1.3 Term. This Agreement commences on the date of purchase or enrollment (the “Effective Date”) and will continue for the applicable program term or, where applicable, an initial term of 12 months (the “Initial Term”), unless earlier terminated in accordance with Section 10. Recurring memberships renew automatically unless canceled in accordance with program terms (each a “Renewal Term,” and together with the Initial Term, the “Term”).

Fees, Expenses, and Payment

2.1 Fees. In consideration of the Services, Client will pay Consultant the fees set forth in Exhibit B or as displayed at checkout (the “Fees”).

2.2 Expenses. Client will reimburse Consultant for reasonable and pre-approved out-of-pocket expenses incurred in connection with the performance of the Services, in accordance with any expense policy the Parties may agree to in writing.

2.3 Payment Terms. Unless otherwise specified at checkout, all Fees are due in advance. Recurring payments will be charged automatically. Late payments may accrue interest at the lesser of (a) 12% per month or (b) the maximum rate permitted by applicable law.

2.4 Taxes. Fees do not include any sales, use, value-added, or similar taxes. Client is solely responsible for any such taxes imposed on amounts payable by Client under this Agreement, other than taxes imposed on Consultant’s income.

Independent Contractor Status

3.1 Independent Contractor. Consultant is an independent contractor and is not an employee, partner, joint venturer, or agent of Client. Nothing in this Agreement shall be construed to create any employer-employee, partnership, joint venture, or agency relationship.

3.2 No Authority to Bind. Consultant has no authority to bind Client or incur obligations on Client’s behalf without Client’s prior written consent.

3.3 Taxes and Benefits. Consultant is solely responsible for all taxes, withholdings, and other statutory, regulatory, or contractual obligations of any sort.

Intellectual Property

4.1 Consultant IP. All methodologies, tools, templates, frameworks, training materials, software, documentation, and other works of authorship, inventions, and intellectual property that are provided by Consultant to Client or created, conceived, or reduced to practice by Consultant (alone or with others) in connection with this Agreement or the Services (collectively, “Consultant IP”) are and shall remain the sole and exclusive property of Consultant.

4.2 License to Client. Subject to Client’s timely payment of all Fees, Consultant grants to Client a limited, non-exclusive, non-transferable (except as permitted under Section 15.1), non-sublicensable license during the Term to use Consultant IP solely for Client’s internal business purposes in connection with the Services. Any broader use or sublicensing must be agreed to in a separate written agreement signed by Consultant.

4.3 Client Materials. Client will retain ownership of all materials, data, and information provided by Client to Consultant (“Client Materials”).
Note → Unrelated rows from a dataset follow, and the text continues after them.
(* Let $q\ge1$, $p>0$, let $A=(a_{ijk})_{i,j\le n,k\le m}$ be a real array and $U\subset B^n_2+\sqrt pB^n_1$. Then \[ \mathbb{E}^g\sup_{x\in U}\mathbb{E}^{g'}\sup_{t\in B_{q'}}\sum_{ijk}a_{ijk}g_ig'_ix_jt_k\le C(q)\sqrt{W_A}\,\sup_{x\in U}\varphi_A(x), \] where $C(q)$ depends only on $q$.
   Context: $(g_i),(g'_i)$ are independent sequences of i.i.d. standard Gaussians; $\mathbb{E}^g,\mathbb{E}^{g'}$ denote integration with respect to each. $q'$ is the Hölder conjugate of $q$ and $B_{q'}=\{t\in\mathbb{R}^m:\sum_k|t_k|^{q'}\le1\}$ (the sup-norm ball if $q=1$). $W_A=\big(\sum_k(\sum_{i,j}a_{ijk}^2)^{q/2}\big)^{1/q}$ and $\varphi_A(x)=\Big(\sum_k\Big(\sum_i\frac{(\sum_ja_{ijk}x_j)^4}{\sum_ja_{ijk}^2}\Big)^{q/2}\Big)^{1/(2q)}$, terms with $\sum_ja_{ijk}^2=0$ being omitted. *)

theory Defs
  imports "HOL-Probability.Probability"
begin

text \<open>Vectors of R^n are represented as functions nat => real vanishing outside {..<n}.\<close>

definition gauss_vec :: "nat \<Rightarrow> (nat \<Rightarrow> real) measure" where
  "gauss_vec n = PiM {..<n} (\<lambda>_. std_normal_distribution)"

definition ball2_plus_ball1 :: "nat \<Rightarrow> real \<Rightarrow> (nat \<Rightarrow> real) set" where
  "ball2_plus_ball1 n p = {x. \<exists>y z. (\<forall>j. x j = y j + z j)
      \<and> (\<forall>j\<ge>n. y j = 0 \<and> z j = 0)
      \<and> (\<Sum>j<n. (y j)\<^sup>2) \<le> 1 \<and> (\<Sum>j<n. \<bar>z j\<bar>) \<le> sqrt p}"

text \<open>Hoelder conjugate exponent q' of q (q >= 1); for q = 1 the ball is the sup-norm ball.\<close>
definition conj_ball :: "nat \<Rightarrow> real \<Rightarrow> (nat \<Rightarrow> real) set" where
  "conj_ball m q = {t. (\<forall>k\<ge>m. t k = 0) \<and>
     (if q = 1 then (\<forall>k<m. \<bar>t k\<bar> \<le> 1)
      else (\<Sum>k<m. \<bar>t k\<bar> powr (q / (q - 1))) \<le> 1)}"

definition W_A :: "nat \<Rightarrow> nat \<Rightarrow> real \<Rightarrow> (nat \<Rightarrow> nat \<Rightarrow> nat \<Rightarrow> real) \<Rightarrow> real" where
  "W_A n m q a = (\<Sum>k<m. (\<Sum>i<n. \<Sum>j<n. (a i j k)\<^sup>2) powr (q / 2)) powr (1 / q)"

definition phi_A :: "nat \<Rightarrow> nat \<Rightarrow> real \<Rightarrow> (nat \<Rightarrow> nat \<Rightarrow> nat \<Rightarrow> real) \<Rightarrow> (nat \<Rightarrow> real) \<Rightarrow> real" where
  "phi_A n m q a x = (\<Sum>k<m. (\<Sum>i\<in>{i\<in>{..<n}. (\<Sum>j<n. (a i j k)\<^sup>2) \<noteq> 0}.
       (\<Sum>j<n. a i j k * x j) ^ 4 / (\<Sum>j<n. (a i j k)\<^sup>2)) powr (q / 2)) powr (1 / (2 * q))"

end

theory Submission
  imports Defs
begin

text \<open>
  Fix g and x, and write b(i,k) = sum_j a(i,j,k) x(j) and s(i,k) = sum_j a(i,j,k)^2.
  The inner sum is sum_k t(k) Y(k) with Y(k) = sum_i g(i) b(i,k) g'(i), so by Hoelder its
  supremum over the unit ball of l_q' is at most the l_q norm of Y. Each Y(k) is a centred
  Gaussian of variance sum_i g(i)^2 b(i,k)^2; Jensen therefore bounds the g'-expectation of that
  norm by (E|gamma|^q sum_k (sum_i g(i)^2 b(i,k)^2)^(q/2))^(1/q), gamma standard Gaussian.
  Cauchy-Schwarz, first in i with weights s(i,k) and then in k, splits the last sum into
  G(g)^(1/2) phi_A(x)^q with G(g) = sum_k (sum_i s(i,k) g(i)^4)^(q/2).
  Now the supremum over x only affects phi_A(x), and
  E G^(1/(2q)) <= (E G)^(1/(2q)) <= C(q) W_A^(1/2),
  because a weighted power mean gives E (sum_i s(i) g(i)^4)^r <= C(r) (sum_i s(i))^r.
\<close>

subsection \<open>Elementary inequalities\<close>

lemma Holder_inequality_sum:
  fixes u v :: "'a \<Rightarrow> real"
  assumes K: "finite K" and p: "p > 1" and r: "r > 1" and pr: "1/p + 1/r = 1"
    and u: "\<And>k. 0 \<le> u k" and v: "\<And>k. 0 \<le> v k"
  shows "(\<Sum>k\<in>K. u k * v k) \<le> (\<Sum>k\<in>K. u k powr p) powr (1/p) * (\<Sum>k\<in>K. v k powr r) powr (1/r)"
proof -
  define A where "A = (\<Sum>k\<in>K. u k powr p)"
  define B where "B = (\<Sum>k\<in>K. v k powr r)"
  have A0: "0 \<le> A" "0 \<le> B" unfolding A_def B_def by (auto intro: sum_nonneg)
  show ?thesis
  proof (cases "A = 0 \<or> B = 0")
    case True
    then have "\<forall>k\<in>K. u k = 0 \<or> v k = 0"
      using K u v unfolding A_def B_def by (auto simp: sum_nonneg_eq_0_iff)
    then have "(\<Sum>k\<in>K. u k * v k) = 0" by (intro sum.neutral) auto
    then show ?thesis by (simp add: A_def[symmetric] B_def[symmetric])
  next
    case False
    then have Ap: "0 < A" "0 < B" using A0 by auto
    define \<alpha> where "\<alpha> = A powr (1/p)"
    define \<beta> where "\<beta> = B powr (1/r)"
    have ab: "0 < \<alpha>" "0 < \<beta>" unfolding \<alpha>_def \<beta>_def using Ap by auto
    have "(\<Sum>k\<in>K. (u k / \<alpha>) * (v k / \<beta>)) \<le> (\<Sum>k\<in>K. (u k / \<alpha>) powr p / p + (v k / \<beta>) powr r / r)"
      using p r pr u v ab by (intro sum_mono Youngs_inequality) auto
    also have "\<dots> = (\<Sum>k\<in>K. u k powr p) / (\<alpha> powr p) / p + (\<Sum>k\<in>K. v k powr r) / (\<beta> powr r) / r"
      using u v ab by (simp add: powr_divide sum.distrib sum_divide_distrib)
    also have "\<alpha> powr p = A" unfolding \<alpha>_def using Ap p by (simp add: powr_powr)
    also have "\<beta> powr r = B" unfolding \<beta>_def using Ap r by (simp add: powr_powr)
    also have "(\<Sum>k\<in>K. u k powr p) / A / p + (\<Sum>k\<in>K. v k powr r) / B / r = 1"
      using Ap pr by (simp add: A_def[symmetric] B_def[symmetric])
    finally have "(\<Sum>k\<in>K. (u k / \<alpha>) * (v k / \<beta>)) \<le> 1" .
    moreover have "(\<Sum>k\<in>K. u k * v k) = \<alpha> * \<beta> * (\<Sum>k\<in>K. (u k / \<alpha>) * (v k / \<beta>))"
      using ab by (simp add: sum_distrib_left)
    ultimately have "(\<Sum>k\<in>K. u k * v k) \<le> \<alpha> * \<beta>"
      using ab by (simp add: mult_left_le)
    then show ?thesis by (simp add: \<alpha>_def \<beta>_def A_def B_def)
  qed
qed

corollary Cauchy_Schwarz_sum_powr:
  fixes u v :: "'a \<Rightarrow> real"
  assumes "finite K" and "\<And>k. 0 \<le> u k" and "\<And>k. 0 \<le> v k"
  shows "(\<Sum>k\<in>K. u k * v k) \<le> (\<Sum>k\<in>K. u k powr 2) powr (1/2) * (\<Sum>k\<in>K. v k powr 2) powr (1/2)"
  using Holder_inequality_sum[OF assms(1) _ _ _ assms(2,3), of 2 2] by simp

lemma powr_weighted_mean_le:
  fixes w y :: "'a \<Rightarrow> real"
  assumes K: "finite K" and R: "1 \<le> R" and w: "\<And>k. 0 \<le> w k" and w1: "(\<Sum>k\<in>K. w k) = 1"
    and y: "\<And>k. 0 \<le> y k"
  shows "(\<Sum>k\<in>K. w k * y k) powr R \<le> (\<Sum>k\<in>K. w k * y k powr R)"
proof (cases "R = 1")
  case True then show ?thesis using w y by (simp add: sum_nonneg)
next
  case False
  then have R1: "R > 1" using R by simp
  define R' where "R' = R / (R - 1)"
  have R'1: "R' > 1" unfolding R'_def using R1 by (simp add: field_simps)
  have RR: "1/R' + 1/R = 1" unfolding R'_def using R1 by (simp add: field_simps)
  have "(\<Sum>k\<in>K. w k * y k) = (\<Sum>k\<in>K. w k powr (1/R') * (w k powr (1/R) * y k))"
  proof (rule sum.cong)
    fix k
    have "w k powr (1/R') * w k powr (1/R) = w k"
      using w[of k] RR by (cases "w k = 0") (simp_all add: powr_add[symmetric])
    then show "w k * y k = w k powr (1/R') * (w k powr (1/R) * y k)"
      by (simp add: mult.assoc[symmetric])
  qed simp
  also have "\<dots> \<le> (\<Sum>k\<in>K. (w k powr (1/R')) powr R') powr (1/R')
      * (\<Sum>k\<in>K. (w k powr (1/R) * y k) powr R) powr (1/R)"
    by (rule Holder_inequality_sum[OF K R'1 R1 RR]) (auto intro: mult_nonneg_nonneg y)
  also have "(\<Sum>k\<in>K. (w k powr (1/R')) powr R') = 1"
    using R'1 w w1 by (simp add: powr_powr)
  also have "(\<Sum>k\<in>K. (w k powr (1/R) * y k) powr R) = (\<Sum>k\<in>K. w k * y k powr R)"
    using R1 w y by (simp add: powr_mult powr_powr)
  finally have "(\<Sum>k\<in>K. w k * y k) \<le> (\<Sum>k\<in>K. w k * y k powr R) powr (1/R)" by simp
  then have "(\<Sum>k\<in>K. w k * y k) powr R \<le> ((\<Sum>k\<in>K. w k * y k powr R) powr (1/R)) powr R"
    using w y R1 by (intro powr_mono2) (auto intro: sum_nonneg)
  also have "\<dots> = (\<Sum>k\<in>K. w k * y k powr R)"
    using R1 w y by (simp add: powr_powr sum_nonneg)
  finally show ?thesis .
qed

lemma powr_le_one_plus_powr:
  fixes z r R :: real
  assumes "0 \<le> z" "0 < r" "r \<le> R"
  shows "z powr r \<le> 1 + z powr R"
proof (cases "z \<le> 1")
  case True
  then have "z powr r \<le> 1" using assms by (simp add: powr_le1)
  then show ?thesis by (smt (verit) powr_ge_zero)
next
  case False
  then have "z powr r \<le> z powr R" using assms by (intro powr_mono) auto
  then show ?thesis by simp
qed

text \<open>For r < 1 the power is concave; passing to the exponent max r 1 costs only an additive 1.\<close>

lemma weighted_quartic_powr_le:
  fixes w y :: "'a \<Rightarrow> real"
  assumes K: "finite K" and w: "\<And>k. 0 \<le> w k" and w1: "(\<Sum>k\<in>K. w k) = 1" and r: "0 < r"
  shows "(\<Sum>k\<in>K. w k * y k ^ 4) powr r \<le> 1 + (\<Sum>k\<in>K. w k * \<bar>y k\<bar> powr (4 * max r 1))"
proof -
  have "(\<Sum>k\<in>K. w k * y k ^ 4) powr r \<le> 1 + (\<Sum>k\<in>K. w k * y k ^ 4) powr (max r 1)"
    using w r by (intro powr_le_one_plus_powr) (auto intro: sum_nonneg)
  also have "\<dots> \<le> 1 + (\<Sum>k\<in>K. w k * (y k ^ 4) powr (max r 1))"
    using K w w1 by (intro add_left_mono powr_weighted_mean_le) auto
  also have "(\<Sum>k\<in>K. w k * (y k ^ 4) powr (max r 1)) = (\<Sum>k\<in>K. w k * \<bar>y k\<bar> powr (4 * max r 1))"
  proof (rule sum.cong[OF refl])
    fix k
    have "y k ^ 4 = \<bar>y k\<bar> powr 4"
      by (cases "y k = 0") (auto simp: powr_realpow)
    then show "w k * (y k ^ 4) powr (max r 1) = w k * \<bar>y k\<bar> powr (4 * max r 1)"
      by (simp only: powr_powr)
  qed
  finally show ?thesis .
qed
Client grants Consultant a limited, non-exclusive license to use Client Materials solely as necessary to perform the Services.

Confidentiality

5.1 Definition of Confidential Information. “Consultant Confidential Information” means all non-public information disclosed by or on behalf of Consultant to Client (whether oral, written, electronic, or otherwise), including without limitation business plans, financial information, strategies, methods, processes, software, documentation, technical information, trade secrets, and know-how, and any non-public terms of this Agreement.
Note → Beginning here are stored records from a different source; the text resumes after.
(* Let $G$ be a connected graph whose set $V_1$ of degree-one vertices is nonempty, say $V_1=\{v_1,\dots,v_i\}$. Let $G\oplus V_1'$ be the graph with vertex set $V(G)\cup\{v_1',\dots,v_i'\}$ (where $v_1',\dots,v_i'$ are new vertices) and edge set $E(G)\cup\{v_1v_1',\dots,v_iv_i'\}$. If $G$ is strongly antimagic, then $G\oplus V_1'$ is strongly antimagic.
   Context: All graphs are finite and simple. For a graph $G=(V,E)$ and a bijection $f:E\to\{1,2,\dots,|E|\}$, the vertex sum at $u$ is $\varphi_f(u)=\sum_{e\in E(u)}f(e)$, where $E(u)$ is the set of edges incident to $u$. The labeling $f$ is antimagic if $\varphi_f(u)\neq\varphi_f(v)$ for all distinct $u,v\in V$; it is strongly antimagic if it is antimagic and moreover $\deg(u)<\deg(v)$ implies $\varphi_f(u)<\varphi_f(v)$. A graph is strongly antimagic if it admits a strongly antimagic labeling. $V_k$ denotes the set of vertices of degree $k$. *)

theory Defs
  imports Main
begin

definition simple_graph :: "'a set \<Rightarrow> 'a set set \<Rightarrow> bool" where
  "simple_graph V E \<longleftrightarrow> finite V \<and> (\<forall>e\<in>E. e \<subseteq> V \<and> card e = 2)"

definition incident_edges :: "'a set set \<Rightarrow> 'a \<Rightarrow> 'a set set" where
  "incident_edges E u = {e \<in> E. u \<in> e}"

definition degree :: "'a set set \<Rightarrow> 'a \<Rightarrow> nat" where
  "degree E u = card (incident_edges E u)"

definition deg_vertices :: "'a set \<Rightarrow> 'a set set \<Rightarrow> nat \<Rightarrow> 'a set" where
  "deg_vertices V E k = {u \<in> V. degree E u = k}"

inductive reachable :: "'a set set \<Rightarrow> 'a \<Rightarrow> 'a \<Rightarrow> bool" for E where
  refl: "reachable E u u"
| step: "reachable E u v \<Longrightarrow> {v, w} \<in> E \<Longrightarrow> reachable E u w"

definition connected_graph :: "'a set \<Rightarrow> 'a set set \<Rightarrow> bool" where
  "connected_graph V E \<longleftrightarrow> V \<noteq> {} \<and> (\<forall>u\<in>V. \<forall>v\<in>V. reachable E u v)"

definition vertex_sum :: "'a set set \<Rightarrow> ('a set \<Rightarrow> nat) \<Rightarrow> 'a \<Rightarrow> nat" where
  "vertex_sum E f u = (\<Sum>e\<in>incident_edges E u. f e)"

definition antimagic_labeling :: "'a set \<Rightarrow> 'a set set \<Rightarrow> ('a set \<Rightarrow> nat) \<Rightarrow> bool" where
  "antimagic_labeling V E f \<longleftrightarrow> bij_betw f E {1..card E} \<and>
     (\<forall>u\<in>V. \<forall>v\<in>V. u \<noteq> v \<longrightarrow> vertex_sum E f u \<noteq> vertex_sum E f v)"

definition strongly_antimagic_labeling :: "'a set \<Rightarrow> 'a set set \<Rightarrow> ('a set \<Rightarrow> nat) \<Rightarrow> bool" where
  "strongly_antimagic_labeling V E f \<longleftrightarrow> antimagic_labeling V E f \<and>
     (\<forall>u\<in>V. \<forall>v\<in>V. degree E u < degree E v \<longrightarrow> vertex_sum E f u < vertex_sum E f v)"

definition strongly_antimagic :: "'a set \<Rightarrow> 'a set set \<Rightarrow> bool" where
  "strongly_antimagic V E \<longleftrightarrow> (\<exists>f. strongly_antimagic_labeling V E f)"

end

theory Submission
  imports Defs
begin

(* Let f be strongly antimagic on G and i = |V_1|. Label each old edge e by f e + i and the
   pendant edge v v' by the rank of \<phi>_f(v) among the leaves, a number in 1..i. An old vertex u
   of degree d then has sum \<phi>_f(u) + d i, plus its rank if u is a leaf (whose degree becomes 2),
   and a new vertex v' has the rank of v as its sum. As a rank never exceeds i, the old vertices
   remain ordered lexicographically by (degree in G, \<phi>_f); the new vertices, the only ones of
   degree 1, have sums in 1..i, above the isolated vertices (sum 0) and below all others (sum > i). *)

definition rank_in :: "'a set \<Rightarrow> ('a \<Rightarrow> 'b::linorder) \<Rightarrow> 'a \<Rightarrow> nat" where
  "rank_in A p x = card {y \<in> A. p y \<le> p x}"

lemma rank_in_less:
  assumes "finite A" "y \<in> A" "p x < p y"
  shows "rank_in A p x < rank_in A p y"
proof -
  have "{z \<in> A. p z \<le> p x} \<subset> {z \<in> A. p z \<le> p y}"
    using assms(2,3) by force
  then show ?thesis
    unfolding rank_in_def by (rule psubset_card_mono[rotated]) (use assms(1) in auto)
qed

lemma rank_in_pos: "finite A \<Longrightarrow> x \<in> A \<Longrightarrow> 0 < rank_in A p x"
  unfolding rank_in_def by (subst card_gt_0_iff) auto

lemma rank_in_le_card: "finite A \<Longrightarrow> rank_in A p x \<le> card A"
  unfolding rank_in_def by (rule card_mono) auto

lemma bij_betw_rank_in:
  assumes "finite A" "inj_on p A"
  shows "bij_betw (rank_in A p) A {1..card A}"
proof -
  have inj: "inj_on (rank_in A p) A"
  proof (rule inj_onI)
    fix x y assume "x \<in> A" "y \<in> A" "rank_in A p x = rank_in A p y"
    then show "x = y"
      using rank_in_less[OF assms(1), of x p y] rank_in_less[OF assms(1), of y p x]
        inj_onD[OF assms(2)] by (metis less_irrefl linorder_neqE)
  qed
  have "rank_in A p ` A \<subseteq> {1..card A}"
    using rank_in_pos[OF assms(1)] rank_in_le_card[OF assms(1)] by (auto simp: Suc_le_eq)
  moreover have "card (rank_in A p ` A) = card {1..card A}"
    using card_image[OF inj] by simp
  ultimately have "rank_in A p ` A = {1..card A}"
    by (simp add: card_subset_eq)
  with inj show ?thesis
    by (simp add: bij_betw_def)
qed

lemma simple_graph_finite_edges: "simple_graph V E \<Longrightarrow> finite E"
  unfolding simple_graph_def by (metis PowI finite_Pow_iff rev_finite_subset subsetI)

lemma vertex_sum_shift:
  assumes "finite E" "\<And>e. e \<in> E \<Longrightarrow> g e = f e + c"
  shows "vertex_sum E g u = vertex_sum E f u + degree E u * c"
proof -
  have "vertex_sum E g u = (\<Sum>e\<in>incident_edges E u. f e + c)"
    unfolding vertex_sum_def by (rule sum.cong) (auto simp: assms(2) incident_edges_def)
  then show ?thesis
    by (simp add: sum.distrib vertex_sum_def degree_def)
qed

lemma vertex_sum_pos_iff:
  assumes "finite E" "\<And>e. e \<in> E \<Longrightarrow> 0 < f e"
  shows "0 < vertex_sum E f u \<longleftrightarrow> 0 < degree E u"
proof -
  have "finite (incident_edges E u)"
    using assms(1) by (simp add: incident_edges_def)
  moreover have "\<And>e. e \<in> incident_edges E u \<Longrightarrow> 0 < f e"
    using assms(2) by (simp add: incident_edges_def)
  ultimately show ?thesis
    unfolding vertex_sum_def degree_def
    by (metis card_gt_0_iff less_irrefl sum.empty sum_pos)
qed

lemma strongly_antimagic_labelingI:
  assumes "bij_betw f E {1..card E}"
    and "\<And>u v. u \<in> V \<Longrightarrow> v \<in> V \<Longrightarrow> degree E u < degree E v \<Longrightarrow>
           vertex_sum E f u < vertex_sum E f v"
    and "\<And>u v. u \<in> V \<Longrightarrow> v \<in> V \<Longrightarrow> u \<noteq> v \<Longrightarrow> degree E u = degree E v \<Longrightarrow>
           vertex_sum E f u \<noteq> vertex_sum E f v"
  shows "strongly_antimagic_labeling V E f"
  unfolding strongly_antimagic_labeling_def antimagic_labeling_def
  using assms by (metis less_irrefl linorder_neqE)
5.2 Confidentiality Obligations (One-Way). Client will: (a) keep Consultant Confidential Information strictly confidential; (b) not disclose Consultant Confidential Information to any third party except to its employees, contractors, and advisors who have a need to know and are bound by confidentiality obligations at least as protective as those in this Agreement; and (c) not use Consultant Confidential Information for any purpose other than exercising its rights or performing its obligations under this Agreement.

5.3 Exclusions. Consultant Confidential Information does not include information that: (a) is or becomes publicly available through no breach of this Agreement by Client; (b) was lawfully known to Client without confidentiality restrictions before receipt; (c) is received from a third party who did not acquire or disclose such information in breach of any legal or contractual obligation; or (d) is independently developed by Client without use of or reference to Consultant Confidential Information.
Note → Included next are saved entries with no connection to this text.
lemma hom_deg_mon_eval: "hom_deg n d B (mon_eval n d m) (mon_deg n B m)"
proof -
  have "hom_deg n d B (mon_eval n d m)
     (\<lambda>i. ((\<Sum>j<n. fst m j * (if i = j then 1 else 0)) + (\<Sum>j<n. int (fst (snd m) j) * - B i j))
          + (\<Sum>q\<in>zset n d. int (snd (snd m) q) * 0))"
    unfolding mon_eval_def
    by (intro hom_deg_mult hom_deg_prod hom_deg_power_int hom_deg_power hom_deg_x hom_deg_y hom_deg_z)
       (auto simp: zset_finite)
  then show ?thesis
  proof (rule hom_deg_cong)
    fix i assume "i < n"
    then have "(\<Sum>j<n. fst m j * (if i = j then 1 else 0)) = fst m i"
      by (simp add: if_distrib cong: if_cong)
    then show "((\<Sum>j<n. fst m j * (if i = j then 1 else 0)) + (\<Sum>j<n. int (fst (snd m) j) * - B i j))
          + (\<Sum>q\<in>zset n d. int (snd (snd m) q) * 0) = mon_deg n B m i"
      by (simp add: mon_deg_def sum_negf mult.commute)
  qed
qed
5.4 Compelled Disclosure. If Client is required by law, regulation, or court order to disclose any Consultant Confidential Information, Client may do so, provided that (where legally permitted) Client gives Consultant prompt written notice and cooperates with Consultant’s efforts to seek protective measures.

5.5 Injunctive Relief. Client acknowledges that any breach of this Section 5 would cause irreparable harm to Consultant for which monetary damages may be an inadequate remedy. Consultant will be entitled to seek injunctive or other equitable relief in addition to other remedies available at law or in equity.

Client Responsibilities; Business Disclaimers

6.1 Client Responsibilities. Client is solely responsible for running its business and for complying with all applicable laws and regulations, including without limitation those governing advertising and marketing claims, subscriptions, refunds, premium offers, data privacy and security, and tax obligations.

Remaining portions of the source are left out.